I would like to test if a point is within a particular distance of a sphere.

So you have these variables...

Point3F spherePnt;
F32 sphereRadius;
Point3F testPnt;

I could do...

F32 dist = ( spherePnt - testPnt ).len() - sphereRadius;

If dist is positive it is outside the radius, if dist is negative it is inside the radius.

Or as an optimization to avoid the square-root inside the len() function you might try this...

F32 dist = ( spherePnt - testPnt ).lenSquared() - ( sphereRadius * sphereRadius );

Ok this looks like it makes since at first glance, but apparently its actually giving me incorrect results.

For example, given variables are setup like this...

SpherePnt( 0, 0, 0 )
SphereRadius( 1 )
testPnt( 1, 1, 1 )

Take the result of...

F32 dist = ( spherePnt - testPnt ).len() - sphereRadius;
F32 dist2 = mSqrt( ( spherePnt - testPnt ).lenSquared() - ( sphereRadius * sphereRadius ) );

dist = 0.7320508075688772935274463415059;
dist2 = 0.4142135623730950488016887242097;

It is pretty obvious that this is in fact, wrong, mathematically. It reduces to expecting the square root of 2 to be the same as the square root of 3... so the question is, I guess...

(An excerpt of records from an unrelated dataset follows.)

subsection \<open>Exchangeability\<close>

lemma permutes_extend_inj_on:
  assumes "finite A" "X \<subseteq> A" "inj_on f X" "f ` X \<subseteq> A"
  obtains s where "s permutes A" "\<And>x. x \<in> X \<Longrightarrow> s x = f x"
proof -
  have "finite X" using assms(1,2) by (rule finite_subset[rotated])
  then have "card (A - X) = card (A - f ` X)"
    using assms by (simp add: card_Diff_subset card_image)
  then obtain h where h: "bij_betw h (A - X) (A - f ` X)"
    using finite_same_card_bij[of "A - X" "A - f ` X"] assms(1) by auto
  define s where "s x = (if x \<in> X then f x else if x \<in> A then h x else x)" for x
  have "bij_betw s X (f ` X)"
    using assms(3) bij_betw_cong[of X s f] inj_on_imp_bij_betw[of f X] by (simp add: s_def)
  moreover have "bij_betw s (A - X) (A - f ` X)"
    using h bij_betw_cong[of "A - X" s h] by (simp add: s_def)
  ultimately have "bij_betw s (X \<union> (A - X)) (f ` X \<union> (A - f ` X))"
    by (rule bij_betw_combine) blast
  then have "bij_betw s A A"
    using assms(2,4) by (simp add: Un_absorb1)
  then have "s permutes A"
    by (rule bij_imp_permutes) (use assms(2) in \<open>auto simp: s_def\<close>)
  then show thesis using that by (simp add: s_def)
qed

lemma pcov_entry_coord_comp_inj_on:
  assumes "X \<subseteq> {0..<n}" "inj_on f X" "f ` X \<subseteq> {0..<n}" "a \<in> X" "b \<in> X" "c \<in> X"
  shows "pcov n (\<lambda>p. K (p (f a)) (p (f b))) (\<lambda>p. g (p (f c))) = pcov n (\<lambda>p. K (p a) (p b)) (\<lambda>p. g (p c))"
proof -
  obtain s where s: "s permutes {0..<n}" "\<And>x. x \<in> X \<Longrightarrow> s x = f x"
    using permutes_extend_inj_on[OF _ assms(1-3)] by auto
  have "pcov n (\<lambda>p. K (p a) (p b)) (\<lambda>p. g (p c))
      = pcov n (\<lambda>p. K ((p \<circ> s) a) ((p \<circ> s) b)) (\<lambda>p. g ((p \<circ> s) c))"
    by (rule pcov_comp_permutes[OF s(1), symmetric])
  also have "\<dots> = pcov n (\<lambda>p. K (p (f a)) (p (f b))) (\<lambda>p. g (p (f c)))"
    using s(2) assms(4-6) by simp
  finally show ?thesis ..
qed

lemma pcov_entry_coord_exchangeable:
  fixes K :: "nat \<Rightarrow> nat \<Rightarrow> real" and g :: "nat \<Rightarrow> real"
  assumes "3 \<le> n" and sym: "\<forall>i<n. \<forall>j<n. K i j = K j i"
    and "i < n" "j < n" "k < n" "i \<noteq> j"
  shows "pcov n (\<lambda>p. K (p i) (p j)) (\<lambda>p. g (p k)) =
    (if k = i \<or> k = j then pcov n (\<lambda>p. K (p 0) (p 1)) (\<lambda>p. g (p 0))
     else pcov n (\<lambda>p. K (p 0) (p 1)) (\<lambda>p. g (p 2)))"
proof -
  have at_first: "pcov n (\<lambda>p. K (p a) (p b)) (\<lambda>p. g (p a)) = pcov n (\<lambda>p. K (p 0) (p 1)) (\<lambda>p. g (p 0))"
    if "a < n" "b < n" "a \<noteq> b" for a b
    using pcov_entry_coord_comp_inj_on[of "{0, 1}" n "\<lambda>x. if x = 0 then a else b" 0 1 0] that assms(1)
    by (simp add: inj_on_def)
  show ?thesis
  proof (cases "k = i \<or> k = j")
    case True
    have "pcov n (\<lambda>p. K (p i) (p j)) (\<lambda>p. g (p j)) = pcov n (\<lambda>p. K (p j) (p i)) (\<lambda>p. g (p j))"
      by (intro pcov_cong refl) (use sym assms(3,4) perms_lessThan in blast)
    then show ?thesis
      using True at_first[of i j] at_first[of j i] assms(3-6) by auto
  next
    case False
    then show ?thesis
      using pcov_entry_coord_comp_inj_on[of "{0, 1, 2}" n "\<lambda>x. if x = 0 then i else if x = 1 then j else k" 0 1 2]
        assms by (simp add: inj_on_def)
  qed
qed

lemma pcov_sum_coords: "(\<Sum>l<n. pcov n X (\<lambda>p. g (p l))) = 0"
proof -
  have "(\<Sum>l<n. pcov n X (\<lambda>p. g (p l))) = pcov n X (\<lambda>p. \<Sum>l<n. g (p l))"
    by (rule pcov_sum_right[symmetric])
  also have "\<dots> = 0"
  proof (rule pcov_const_right)
    fix p assume "p \<in> perms n"
    then have "p permutes {..<n}" by (simp add: perms_def atLeast0LessThan)
    then show "(\<Sum>l<n. g (p l)) = (\<Sum>l<n. g l)"
      using sum.permute[of p "{..<n}" g] by (simp add: comp_def)
  qed
  finally show ?thesis .
qed

subsection \<open>Sums over ordered pairs of distinct indices\<close>

definition pair_sum :: "'a set \<Rightarrow> ('a \<Rightarrow> 'a \<Rightarrow> 'b::comm_monoid_add) \<Rightarrow> 'b" where
  "pair_sum S f = (\<Sum>i\<in>S. \<Sum>j\<in>S - {i}. f i j)"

Given that I DO want to perform this test, "is point p within range r of a sphere", is there a way to do this while avoiding the square root?

+6  A: 

You don't need the sqrt computation in the "squared distances" approach! The distance between the two points (sphere center and testpoint) is less than the sphere radius iff the squared distance is less than the squared radius -- for the sole purpose of testing "within the sphere or out of it?", the fact that the square root of the difference is NOT the difference of the square roots, is totally irrelevant.

Alex Martelli
Exactly. Compare the square of the distance to the center point with the square of the radius.
Mike Daniels
Right. And if this is the "inner loop" using all your time, you could get speedup by adding one axis^2 at a time. As soon as you get > R^2 you can stop.
Mike Dunlavey
@Mike, nice idea, I wonder how much time it would save (depending on the distribution of points of course -- if points are very spread out far away from the sphere, it might well be significant).